- Task requirements: Copy, from the entries below, each line where the word "lambda" can be found.

::::

text \<open>Hoelder's inequality, obtained by integrating Young's inequality scaled by the two integrals.\<close>
lemma nn_integral_powr_mult_le:
  fixes f1 f2 :: "'w \<Rightarrow> real"
  assumes meas: "f1 \<in> borel_measurable M" "f2 \<in> borel_measurable M"
    and nonneg: "\<And>w. 0 \<le> f1 w" "\<And>w. 0 \<le> f2 w"
    and exps: "0 < \<alpha>" "0 < \<beta>" "\<alpha> + \<beta> = 1"
    and U: "(\<integral>\<^sup>+ w. ennreal (f1 w) \<partial>M) = ennreal U" "0 \<le> U"
    and V: "(\<integral>\<^sup>+ w. ennreal (f2 w) \<partial>M) = ennreal V" "0 \<le> V"
  shows "(\<integral>\<^sup>+ w. ennreal (f1 w powr \<alpha> * f2 w powr \<beta>) \<partial>M) \<le> ennreal (U powr \<alpha> * V powr \<beta>)"
proof (cases "U = 0 \<or> V = 0")
  case True
  then have "AE w in M. f1 w = 0 \<or> f2 w = 0"
    using U V meas nonneg by (auto simp: nn_integral_0_iff_AE)
  then have "AE w in M. ennreal (f1 w powr \<alpha> * f2 w powr \<beta>) = 0"
    by eventually_elim auto
  then have "(\<integral>\<^sup>+ w. ennreal (f1 w powr \<alpha> * f2 w powr \<beta>) \<partial>M) = (\<integral>\<^sup>+ w. 0 \<partial>M)"
    by (rule nn_integral_cong_AE)
  then show ?thesis by simp
next
  case False
  then have UV: "0 < U" "0 < V" using U V by auto
  define c1 where "c1 = U powr \<alpha> * V powr \<beta> * (\<alpha> / U)"
  define c2 where "c2 = U powr \<alpha> * V powr \<beta> * (\<beta> / V)"
  have c: "0 \<le> c1" "0 \<le> c2" using UV exps by (auto simp: c1_def c2_def)
  have "(\<integral>\<^sup>+ w. ennreal (f1 w powr \<alpha> * f2 w powr \<beta>) \<partial>M)
      \<le> (\<integral>\<^sup>+ w. ennreal c1 * ennreal (f1 w) + ennreal c2 * ennreal (f2 w) \<partial>M)"
  proof (intro nn_integral_mono)
    fix w
    have "f1 w powr \<alpha> * f2 w powr \<beta> \<le> c1 * f1 w + c2 * f2 w"
      using Youngs_inequality_scaled[OF nonneg(1)[of w] nonneg(2)[of w] UV exps]
      by (simp add: c1_def c2_def algebra_simps)
    then have "ennreal (f1 w powr \<alpha> * f2 w powr \<beta>) \<le> ennreal (c1 * f1 w + c2 * f2 w)"
      by (rule ennreal_leI)
    also have "\<dots> = ennreal c1 * ennreal (f1 w) + ennreal c2 * ennreal (f2 w)"
      using c nonneg by (simp add: ennreal_plus[symmetric] ennreal_mult)
    finally show "ennreal (f1 w powr \<alpha> * f2 w powr \<beta>) \<le> ennreal c1 * ennreal (f1 w) + ennreal c2 * ennreal (f2 w)" .
  qed
  also have "\<dots> = ennreal c1 * ennreal U + ennreal c2 * ennreal V"
    using meas by (simp add: nn_integral_add nn_integral_cmult U V)
  also have "\<dots> = ennreal (c1 * U + c2 * V)"
    using c U V by (simp add: ennreal_plus[symmetric] ennreal_mult)
  also have "c1 * U + c2 * V = U powr \<alpha> * V powr \<beta> * (\<alpha> + \<beta>)"
    using UV by (simp add: c1_def c2_def field_simps)
  finally show ?thesis using exps by simp
qed

lemma lpnorm_mult_le:
  assumes exps: "0 < p" "0 < s" "0 < q" "1 / p = 1 / s + 1 / q"
    and meas: "l \<in> borel_measurable M" "x \<in> borel_measurable M"
  shows "lpnorm M p (\<lambda>w. l w * x w) \<le> lpnorm M s l * lpnorm M q x"
proof (cases "lpnorm M s l = 0 \<or> lpnorm M q x = 0")
  case True
  then have "(AE w in M. l w = 0) \<or> (AE w in M. x w = 0)"
    using exps meas by (simp add: lpnorm_eq_0_iff)
  then have "AE w in M. l w * x w = 0"
    by (metis (mono_tags, lifting) eventually_mono mult_eq_0_iff)
  then have "lpnorm M p (\<lambda>w. l w * x w) = 0"
    using exps meas by (simp add: lpnorm_eq_0_iff)
  then show ?thesis by simp
next
  case nonzero: False
  show ?thesis
  proof (cases "lp_integral M s l = \<infinity> \<or> lp_integral M q x = \<infinity>")
    case True
    then show ?thesis
      using nonzero by (auto simp: lpnorm_eq_lp_integral ennreal_mult_top mult.commute[of \<infinity>])
  next
    case False
    define U V where "U = enn2real (lp_integral M s l)" and "V = enn2real (lp_integral M q x)"
    have U: "lp_integral M s l = ennreal U" "0 \<le> U" and V: "lp_integral M q x = ennreal V" "0 \<le> V"
      using False by (auto simp: U_def V_def less_top)
    have "lp_integral M p (\<lambda>w. l w * x w)
        = (\<integral>\<^sup>+ w. ennreal ((\<bar>l w\<bar> powr s) powr (p / s) * (\<bar>x w\<bar> powr q) powr (p / q)) \<partial>M)"
      unfolding lp_integral_def using exps by (simp add: powr_powr abs_mult powr_mult)
    also have "\<dots> \<le> ennreal (U powr (p / s) * V powr (p / q))"
    proof (rule nn_integral_powr_mult_le)
      have "p / s + p / q = p * (1 / s + 1 / q)"
        by (simp add: field_simps)
      then show "p / s + p / q = 1"
        using exps(1) by (simp flip: exps(4))
    qed (use exps meas U V in \<open>simp_all add: lp_integral_def\<close>)
    also have "U powr (p / s) * V powr (p / q) = (U powr (1 / s) * V powr (1 / q)) powr p"
      using U V by (simp add: powr_mult powr_powr)
    finally have "lpnorm M p (\<lambda>w. l w * x w) \<le> ennreal (U powr (1 / s) * V powr (1 / q))"
      using exps by (simp add: lpnorm_le_ennreal_iff)
    then show ?thesis
      using U V by (simp add: lpnorm_eq_ennreal ennreal_mult)
  qed
qed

::::

- Answer for this exercise:
  shows "lpnorm M p (\<lambda>w. l w * x w) \<le> lpnorm M s l * lpnorm M q x"
  then have "lpnorm M p (\<lambda>w. l w * x w) = 0"
    have "lp_integral M p (\<lambda>w. l w * x w)
    finally have "lpnorm M p (\<lambda>w. l w * x w) \<le> ennreal (U powr (1 / s) * V powr (1 / q))"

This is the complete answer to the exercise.